GLP-1 Receptor Agonists (Ozempic): Beyond weight loss, these peptides offer benefits in neuroregeneration, cognitive enhancement, and immune function.
Responsible Dosing: Low and incremental dosing strategies can maximize benefits while minimizing risks such as muscle loss and gastroparesis.
Holistic Treatment: Combining peptide therapy with lifestyle interventions is crucial for effective and sustainable health improvements.
Epigenetic Factors: Obesity and metabolic dysfunction are influenced by genetic and epigenetic factors, necessitating comprehensive family-based interventions.
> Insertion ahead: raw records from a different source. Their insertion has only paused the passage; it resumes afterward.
(* Assume $\varepsilon\max_i\delta_i<1$. Suppose that either (i) $\mathcal G$ is structurally balanced (i.e. $\lambda_1(\mathcal L)=0$), or (ii) $\mathcal G$ is structurally unbalanced and $\lambda_1(\mathcal L)<2-\lambda_n(\mathcal L)$. Then $\pi_1<\pi_{1,d}$.
   Context: Let $\mathcal G$ be an undirected, connected signed graph on $n$ nodes without self-loops, with symmetric adjacency matrix $A=[a_{ij}]$ having zero diagonal and entries of either sign. Let $\delta_i=\sum_j|a_{ij}|>0$, $\Delta=\mathrm{diag}(\delta_i)$, and let $\mathcal L=I-\Delta^{-1}A$ be the normalized signed Laplacian, with real eigenvalues $\lambda_1(\mathcal L)\le\dots\le\lambda_n(\mathcal L)$. Structural balance means there is a signature matrix $S$ (diagonal with $\pm1$ entries) such that $SAS\ge0$ entrywise. Let $\varepsilon>0$ be a step size and, for $\pi>0$, let $L_\pi=\Delta-\pi A$ and $J_\pi=I-\varepsilon L_\pi$, both symmetric. Define $\pi_1=\frac{1}{1-\lambda_1(\mathcal L)}$; this is the value of $\pi$ at which $\lambda_1(L_\pi)=0$, equivalently $\lambda_n(J_\pi)=1$. Define $\pi_{1,d}$ as the smallest $\pi>0$ at which $\lambda_n(L_\pi)=2/\varepsilon$, equivalently $\lambda_1(J_\pi)=-1$. *)

theory Defs
  imports "HOL-Analysis.Analysis"
begin

text \<open>Signed graph on the node type 'n (finite, n = CARD('n)), given by its
real adjacency matrix A.\<close>

definition deg :: "real^'n^'n \<Rightarrow> 'n::finite \<Rightarrow> real" where
  "deg A i = (\<Sum>j\<in>UNIV. \<bar>A$i$j\<bar>)"

definition Delta :: "real^'n^'n \<Rightarrow> real^'n^'n::finite" where
  "Delta A = (\<chi> i j. if i = j then deg A i else 0)"

definition normLap :: "real^'n^'n \<Rightarrow> real^'n^'n::finite" where
  "normLap A = mat 1 - matrix_inv (Delta A) ** A"

definition Lpi :: "real^'n^'n \<Rightarrow> real \<Rightarrow> real^'n^'n::finite" where
  "Lpi A p = Delta A - p *\<^sub>R A"

definition real_eigenvalues :: "real^'n^'n \<Rightarrow> real set" where
  "real_eigenvalues M = {l. \<exists>v::real^'n. v \<noteq> 0 \<and> M *v v = l *\<^sub>R v}"

definition lam_min :: "real^'n^'n \<Rightarrow> real" where
  "lam_min M = Min (real_eigenvalues M)"

definition lam_max :: "real^'n^'n \<Rightarrow> real" where
  "lam_max M = Max (real_eigenvalues M)"

definition connected_signed :: "real^'n^'n \<Rightarrow> bool" where
  "connected_signed A \<longleftrightarrow> (\<forall>i j. (\<lambda>x y. A$x$y \<noteq> 0)\<^sup>*\<^sup>* i j)"

definition structurally_balanced :: "real^'n^'n \<Rightarrow> bool" where
  "structurally_balanced A \<longleftrightarrow>
     (\<exists>S::real^'n^'n. (\<forall>i j. i \<noteq> j \<longrightarrow> S$i$j = 0) \<and> (\<forall>i. S$i$i = 1 \<or> S$i$i = -1)
        \<and> (\<forall>i j. (S ** A ** S)$i$j \<ge> 0))"

definition pi1 :: "real^'n^'n \<Rightarrow> real" where
  "pi1 A = 1 / (1 - lam_min (normLap A))"

definition pi1d :: "real \<Rightarrow> real^'n^'n \<Rightarrow> real" where
  "pi1d eps A = (LEAST p::real. 0 < p \<and> lam_max (Lpi A p) = 2 / eps)"

end

theory Submission
  imports Defs
begin
(* Let $T\in\{0,1\}$, $X\in\mathcal{X}\subset\mathbb{R}^d$ and real-valued potential outcomes $Y_0,Y_1$ be random variables on a common probability space, and let $p_F$ be the law of $(X,T,Y_T)$ and $p_{CF}$ the law of $(X,1-T,Y_{1-T})$. Let $B\sim\mathrm{Bernoulli}(1/2)$ be independent of $(X,T,Y_0,Y_1)$, let $S=T$ if $B=1$ and $S=1-T$ if $B=0$, let $p_{IF}$ be the law of $(X,S,Y_S)$ (so $p_{IF}=\tfrac12 p_F+\tfrac12 p_{CF}$, the ideal factual distribution) and $p_{ICF}$ the law of $(X,1-S,Y_{1-S})$ (its counterfactual distribution). Then for every measurable $h:\mathcal{X}\times\{0,1\}\to\mathbb{R}$, $\mathcal{L}_{p_{IF}}(h)=\mathcal{L}_{p_{ICF}}(h)$, where for a law $p$ of a triple $(X',T',Y')$, $\mathcal{L}_p(h)=\int (y-h(x,t))^2\,p(x,t,y)\,dx\,dt\,dy=\mathbb{E}[(Y'-h(X',T'))^2]\in[0,\infty]$.
   Context: Potential-outcomes setting: $Y_t$ is the outcome that would be observed under treatment $t$; the counterfactual distribution of a factual law of $(X,T,Y_T)$ is the law obtained by inverting the treatment assignment, i.e. of $(X,1-T,Y_{1-T})$. *)

theory Defs
  imports "HOL-Probability.Probability"
begin

definition po :: "('a \<Rightarrow> real) \<Rightarrow> ('a \<Rightarrow> real) \<Rightarrow> ('a \<Rightarrow> nat) \<Rightarrow> 'a \<Rightarrow> real" where
  "po Y0 Y1 t \<omega> = (if t \<omega> = 0 then Y0 \<omega> else Y1 \<omega>)"

definition triple_space :: "'d::euclidean_space set \<Rightarrow> ('d \<times> nat \<times> real) measure" where
  "triple_space Xs = restrict_space borel Xs \<Otimes>\<^sub>M count_space {0,1} \<Otimes>\<^sub>M (borel :: real measure)"

definition triple_law ::
  "'a measure \<Rightarrow> 'd::euclidean_space set \<Rightarrow> ('a \<Rightarrow> 'd) \<Rightarrow> ('a \<Rightarrow> nat) \<Rightarrow> ('a \<Rightarrow> real)
     \<Rightarrow> ('d \<times> nat \<times> real) measure" where
  "triple_law M Xs X' T' Y' = distr M (triple_space Xs) (\<lambda>\<omega>. (X' \<omega>, T' \<omega>, Y' \<omega>))"

definition sq_loss :: "('d \<times> nat \<times> real) measure \<Rightarrow> ('d \<times> nat \<Rightarrow> real) \<Rightarrow> ennreal" where
  "sq_loss p h = (\<integral>\<^sup>+ z. ennreal ((snd (snd z) - h (fst z, fst (snd z)))\<^sup>2) \<partial>p)"

end

theory Submission
  imports Defs
begin

text \<open>Both losses are expectations of one function of the coin B and of Z = (X, T, Y0, Y1):
  the squared loss of h at the treatment selected by the coin (T on heads, 1 - T on tails),
  evaluated once at B and once at \<not> B, because 1 - S is exactly the treatment selected by \<not> B.
  As B is a fair coin independent of Z, the pairs (B, Z) and (\<not> B, Z) have the same law, namely
  the product of the fair Bernoulli law with the law of Z, so the two expectations agree.\<close>

lemma (in prob_space) indep_set_mono:
  assumes "indep_set A B" and "A' \<subseteq> A" and "B' \<subseteq> B"
  shows "indep_set A' B'"
  using assms unfolding indep_sets2_eq by blast

lemma (in prob_space) distr_pair_eq_pair_measure_if_indep_set:
  assumes X: "random_variable S X" and Y: "random_variable T Y"
    and indep: "indep_set {X -` A \<inter> space M | A. A \<in> sets S} {Y -` A \<inter> space M | A. A \<in> sets T}"
  shows "distr M (S \<Otimes>\<^sub>M T) (\<lambda>\<omega>. (X \<omega>, Y \<omega>)) = distr M S X \<Otimes>\<^sub>M distr M T Y"
proof (rule pair_measure_eqI[symmetric])
  interpret S: prob_space "distr M S X" using X by (rule prob_space_distr)
  interpret T: prob_space "distr M T Y" using Y by (rule prob_space_distr)
  show "sigma_finite_measure (distr M S X)" "sigma_finite_measure (distr M T Y)"
    by unfold_locales
  show "sets (distr M S X \<Otimes>\<^sub>M distr M T Y) = sets (distr M (S \<Otimes>\<^sub>M T) (\<lambda>\<omega>. (X \<omega>, Y \<omega>)))"
    unfolding sets_distr by (rule sets_pair_measure_cong) simp_all
next
  fix A C assume "A \<in> sets (distr M S X)" and "C \<in> sets (distr M T Y)"
  then have A: "A \<in> sets S" and C: "C \<in> sets T" by simp_all
  have "(\<lambda>\<omega>. (X \<omega>, Y \<omega>)) -` (A \<times> C) \<inter> space M = (X -` A \<inter> space M) \<inter> (Y -` C \<inter> space M)"
    by auto
  moreover have "prob ((X -` A \<inter> space M) \<inter> (Y -` C \<inter> space M)) = prob (X -` A \<inter> space M) * prob (Y -` C \<inter> space M)"
    using A C by (intro indep_setD[OF indep]) auto
  ultimately show "emeasure (distr M S X) A * emeasure (distr M T Y) C
      = emeasure (distr M (S \<Otimes>\<^sub>M T) (\<lambda>\<omega>. (X \<omega>, Y \<omega>))) (A \<times> C)"
    using X Y A C by (simp add: emeasure_distr emeasure_eq_measure ennreal_mult measurable_sets)
qed

lemma (in prob_space) distr_Not_eq_distr_if_fair:
  assumes B: "random_variable (count_space UNIV) B"
    and fair: "prob {\<omega> \<in> space M. B \<omega>} = 1/2"
  shows "distr M (count_space UNIV) (\<lambda>\<omega>. \<not> B \<omega>) = distr M (count_space UNIV) B"
proof (rule measure_eqI_finite[where A = UNIV])
  have heads: "{\<omega> \<in> space M. B \<omega>} \<in> events"
    using B by measurable
  have "{\<omega> \<in> space M. \<not> B \<omega>} = space M - {\<omega> \<in> space M. B \<omega>}"
    by auto
  then have tails: "prob {\<omega> \<in> space M. \<not> B \<omega>} = 1/2"
    using prob_compl[OF heads] fair by simp
  have notB: "random_variable (count_space UNIV) (\<lambda>\<omega>. \<not> B \<omega>)"
    using B by measurable
  have distr_singleton: "emeasure (distr M (count_space UNIV) C) {b} = prob {\<omega> \<in> space M. C \<omega> = b}"
    if "random_variable (count_space UNIV) C" for C :: "'a \<Rightarrow> bool" and b
    using that by (simp add: emeasure_distr emeasure_eq_measure vimage_def Int_def conj_commute)
  fix b :: bool
  show "emeasure (distr M (count_space UNIV) (\<lambda>\<omega>. \<not> B \<omega>)) {b} = emeasure (distr M (count_space UNIV) B) {b}"
    using tails fair by (cases b) (simp_all add: distr_singleton[OF B] distr_singleton[OF notB])
qed simp_all

lemma (in prob_space) distr_pair_Not_eq_if_fair_indep:
  assumes B: "random_variable (count_space UNIV) B" and Z: "random_variable N Z"
    and indep: "indep_set {B -` A \<inter> space M | A. A \<in> sets (count_space UNIV)} {Z -` A \<inter> space M | A. A \<in> sets N}"
    and fair: "prob {\<omega> \<in> space M. B \<omega>} = 1/2"
  shows "distr M (count_space UNIV \<Otimes>\<^sub>M N) (\<lambda>\<omega>. (\<not> B \<omega>, Z \<omega>))
       = distr M (count_space UNIV \<Otimes>\<^sub>M N) (\<lambda>\<omega>. (B \<omega>, Z \<omega>))"
proof -
  have notB: "random_variable (count_space UNIV) (\<lambda>\<omega>. \<not> B \<omega>)"
    using B by measurable
  have "{(\<lambda>\<omega>. \<not> B \<omega>) -` A \<inter> space M | A. A \<in> sets (count_space UNIV)}
      \<subseteq> {B -` A \<inter> space M | A. A \<in> sets (count_space UNIV)}"
  proof safe
    fix A :: "bool set"
    have "(\<lambda>\<omega>. \<not> B \<omega>) -` A \<inter> space M = B -` (Not -` A) \<inter> space M"
      by auto
    then show "\<exists>A'. (\<lambda>\<omega>. \<not> B \<omega>) -` A \<inter> space M = B -` A' \<inter> space M \<and> A' \<in> sets (count_space UNIV)"
      by (intro exI[of _ "Not -` A"]) simp
  qed
  then have indep_notB: "indep_set {(\<lambda>\<omega>. \<not> B \<omega>) -` A \<inter> space M | A. A \<in> sets (count_space UNIV)}
      {Z -` A \<inter> space M | A. A \<in> sets N}"
    by (rule indep_set_mono[OF indep]) simp_all
  have "distr M (count_space UNIV \<Otimes>\<^sub>M N) (\<lambda>\<omega>. (\<not> B \<omega>, Z \<omega>))
      = distr M (count_space UNIV) (\<lambda>\<omega>. \<not> B \<omega>) \<Otimes>\<^sub>M distr M N Z"
    using notB Z indep_notB by (rule distr_pair_eq_pair_measure_if_indep_set)
  also have "\<dots> = distr M (count_space UNIV) B \<Otimes>\<^sub>M distr M N Z"
    using B fair by (simp add: distr_Not_eq_distr_if_fair)
  also have "\<dots> = distr M (count_space UNIV \<Otimes>\<^sub>M N) (\<lambda>\<omega>. (B \<omega>, Z \<omega>))"
    using B Z indep by (rule distr_pair_eq_pair_measure_if_indep_set[symmetric])
  finally show ?thesis .
qed

lemma (in prob_space) nn_integral_Not_eq_if_fair_indep:
  assumes B: "random_variable (count_space UNIV) B" and Z: "random_variable N Z"
    and indep: "indep_set {B -` A \<inter> space M | A. A \<in> sets (count_space UNIV)} {Z -` A \<inter> space M | A. A \<in> sets N}"
    and fair: "prob {\<omega> \<in> space M. B \<omega>} = 1/2"
    and G: "G \<in> borel_measurable (count_space UNIV \<Otimes>\<^sub>M N)"
  shows "(\<integral>\<^sup>+ \<omega>. G (\<not> B \<omega>, Z \<omega>) \<partial>M) = (\<integral>\<^sup>+ \<omega>. G (B \<omega>, Z \<omega>) \<partial>M)"
proof -
  note [measurable] = B Z
  have "(\<integral>\<^sup>+ \<omega>. G (\<not> B \<omega>, Z \<omega>) \<partial>M)
      = (\<integral>\<^sup>+ w. G w \<partial>distr M (count_space UNIV \<Otimes>\<^sub>M N) (\<lambda>\<omega>. (\<not> B \<omega>, Z \<omega>)))"
    using G by (simp add: nn_integral_distr)
  also have "\<dots> = (\<integral>\<^sup>+ w. G w \<partial>distr M (count_space UNIV \<Otimes>\<^sub>M N) (\<lambda>\<omega>. (B \<omega>, Z \<omega>)))"
    using B Z indep fair by (simp add: distr_pair_Not_eq_if_fair_indep)
  also have "\<dots> = (\<integral>\<^sup>+ \<omega>. G (B \<omega>, Z \<omega>) \<partial>M)"
    using G by (simp add: nn_integral_distr)
  finally show ?thesis .
qed

lemma measurable_one_minus_binary[measurable]:
  "(\<lambda>t::nat. 1 - t) \<in> count_space {0,1} \<rightarrow>\<^sub>M count_space {0,1}"
  by auto

lemma borel_measurable_po:
  assumes "T \<in> M \<rightarrow>\<^sub>M count_space {0,1}" and "Y0 \<in> borel_measurable M" and "Y1 \<in> borel_measurable M"
  shows "po Y0 Y1 T \<in> borel_measurable M"
  using assms unfolding po_def by measurable

lemma sq_loss_triple_law:
  assumes [measurable]: "X \<in> M \<rightarrow>\<^sub>M restrict_space borel Xs" "S \<in> M \<rightarrow>\<^sub>M count_space {0,1}"
    "Y \<in> borel_measurable M" "h \<in> borel_measurable (restrict_space borel Xs \<Otimes>\<^sub>M count_space {0,1})"
  shows "sq_loss (triple_law M Xs X S Y) h = (\<integral>\<^sup>+ \<omega>. ennreal ((Y \<omega> - h (X \<omega>, S \<omega>))\<^sup>2) \<partial>M)"
proof -
  have "(\<lambda>\<omega>. (X \<omega>, S \<omega>, Y \<omega>)) \<in> M \<rightarrow>\<^sub>M triple_space Xs"
    unfolding triple_space_def by measurable
  moreover have "(\<lambda>z. ennreal ((snd (snd z) - h (fst z, fst (snd z)))\<^sup>2)) \<in> borel_measurable (triple_space Xs)"
    unfolding triple_space_def by measurable
  ultimately show ?thesis
    by (simp add: sq_loss_def triple_law_def nn_integral_distr)
qed

definition coin_sq_loss :: "('d \<times> nat \<Rightarrow> real) \<Rightarrow> bool \<times> 'd \<times> nat \<times> real \<times> real \<Rightarrow> ennreal" where
  "coin_sq_loss h = (\<lambda>(b, x, t, y0, y1). let s = if b then t else 1 - t
                       in ennreal (((if s = 0 then y0 else y1) - h (x, s))\<^sup>2))"

lemma borel_measurable_coin_sq_loss:
  assumes [measurable]: "h \<in> borel_measurable (restrict_space borel Xs \<Otimes>\<^sub>M count_space {0,1})"
  shows "coin_sq_loss h \<in> borel_measurable
           (count_space UNIV \<Otimes>\<^sub>M (restrict_space borel Xs \<Otimes>\<^sub>M count_space {0,1} \<Otimes>\<^sub>M (borel \<Otimes>\<^sub>M borel)))"
proof (rule measurable_pair_measure_countable1)
  fix b :: bool
  show "(\<lambda>w. coin_sq_loss h (b, w))
      \<in> borel_measurable (restrict_space borel Xs \<Otimes>\<^sub>M count_space {0,1} \<Otimes>\<^sub>M (borel \<Otimes>\<^sub>M borel))"
    unfolding coin_sq_loss_def Let_def prod.case by measurable
qed simp

lemma sq_loss_triple_law_coin:
  assumes "X \<in> M \<rightarrow>\<^sub>M restrict_space borel Xs" and S: "S \<in> M \<rightarrow>\<^sub>M count_space {0,1}"
    and "Y0 \<in> borel_measurable M" and "Y1 \<in> borel_measurable M"
    and "h \<in> borel_measurable (restrict_space borel Xs \<Otimes>\<^sub>M count_space {0,1})"
    and coin: "\<And>\<omega>. \<omega> \<in> space M \<Longrightarrow> S \<omega> = (if C \<omega> then T \<omega> else 1 - T \<omega>)"
  shows "sq_loss (triple_law M Xs X S (po Y0 Y1 S)) h
       = (\<integral>\<^sup>+ \<omega>. coin_sq_loss h (C \<omega>, X \<omega>, T \<omega>, Y0 \<omega>, Y1 \<omega>) \<partial>M)"
  unfolding sq_loss_triple_law[OF assms(1) S borel_measurable_po[OF S assms(3,4)] assms(5)]
  by (intro nn_integral_cong) (simp add: coin po_def coin_sq_loss_def Let_def)

theorem lemma3:
  fixes M :: "'a measure"
    and Xs :: "'d::euclidean_space set"
    and X :: "'a \<Rightarrow> 'd" and T :: "'a \<Rightarrow> nat" and Y0 Y1 :: "'a \<Rightarrow> real"
    and B :: "'a \<Rightarrow> bool"
    and h :: "'d \<times> nat \<Rightarrow> real"
  assumes "prob_space M"
    and "Xs \<in> sets borel"
    and "X \<in> M \<rightarrow>\<^sub>M restrict_space borel Xs"
    and "T \<in> M \<rightarrow>\<^sub>M count_space {0,1}"
    and "Y0 \<in> borel_measurable M" and "Y1 \<in> borel_measurable M"
    and "B \<in> M \<rightarrow>\<^sub>M count_space UNIV"
    and "prob_space.indep_set M
           {B -` A \<inter> space M | A. A \<in> sets (count_space UNIV)}
           {(\<lambda>\<omega>. (X \<omega>, T \<omega>, Y0 \<omega>, Y1 \<omega>)) -` A \<inter> space M | A.
              A \<in> sets (restrict_space borel Xs \<Otimes>\<^sub>M count_space {0,1} \<Otimes>\<^sub>M (borel \<Otimes>\<^sub>M borel))}"
    and "measure M {\<omega> \<in> space M. B \<omega>} = 1/2"
    and "h \<in> borel_measurable (restrict_space borel Xs \<Otimes>\<^sub>M count_space {0,1})"
  defines "S \<equiv> (\<lambda>\<omega>. if B \<omega> then T \<omega> else 1 - T \<omega>)"
  shows "sq_loss (triple_law M Xs X S (po Y0 Y1 S)) h
       = sq_loss (triple_law M Xs X (\<lambda>\<omega>. 1 - S \<omega>) (po Y0 Y1 (\<lambda>\<omega>. 1 - S \<omega>))) h"
proof -
  interpret prob_space M by fact
  note [measurable] = assms(3-7,10)
  define N :: "('d \<times> nat \<times> real \<times> real) measure"
    where "N = restrict_space borel Xs \<Otimes>\<^sub>M count_space {0,1} \<Otimes>\<^sub>M (borel \<Otimes>\<^sub>M borel)"
  define Z where "Z = (\<lambda>\<omega>. (X \<omega>, T \<omega>, Y0 \<omega>, Y1 \<omega>))"
  have Z: "Z \<in> M \<rightarrow>\<^sub>M N"
    unfolding Z_def N_def by measurable
  have indep: "indep_set {B -` A \<inter> space M | A. A \<in> sets (count_space UNIV)} {Z -` A \<inter> space M | A. A \<in> sets N}"
    using assms(8) unfolding Z_def N_def .
  have S: "S \<in> M \<rightarrow>\<^sub>M count_space {0,1}" and S': "(\<lambda>\<omega>. 1 - S \<omega>) \<in> M \<rightarrow>\<^sub>M count_space {0,1}"
    unfolding S_def by measurable
  have "1 - S \<omega> = (if \<not> B \<omega> then T \<omega> else 1 - T \<omega>)" if "\<omega> \<in> space M" for \<omega>
    using measurable_space[OF assms(4) that] by (auto simp: S_def)
  then have counterfactual:
    "sq_loss (triple_law M Xs X (\<lambda>\<omega>. 1 - S \<omega>) (po Y0 Y1 (\<lambda>\<omega>. 1 - S \<omega>))) h
      = (\<integral>\<^sup>+ \<omega>. coin_sq_loss h (\<not> B \<omega>, Z \<omega>) \<partial>M)"
    unfolding Z_def by (intro sq_loss_triple_law_coin[OF assms(3) S' assms(5,6,10)])
  have factual: "sq_loss (triple_law M Xs X S (po Y0 Y1 S)) h = (\<integral>\<^sup>+ \<omega>. coin_sq_loss h (B \<omega>, Z \<omega>) \<partial>M)"
    unfolding Z_def by (intro sq_loss_triple_law_coin[OF assms(3) S assms(5,6,10)]) (simp add: S_def)
  show ?thesis
    unfolding factual counterfactual
    using nn_integral_Not_eq_if_fair_indep[OF assms(7) Z indep assms(9)]
      borel_measurable_coin_sq_loss[OF assms(10), folded N_def]
    by simp
qed

end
Informed Consent: Patients should be fully educated about the benefits and risks of treatments to make informed healthcare decisions.
Dr. Tina Moore:
Alex Clark:
This episode offers a nuanced perspective on the use of GLP-1 receptor agonists in holistic medicine, advocating for their potential benefits when used responsibly and in conjunction with comprehensive lifestyle interventions. Dr. Tina Moore's insights challenge prevailing narratives, encouraging listeners to consider a more balanced approach to metabolic health and wellness.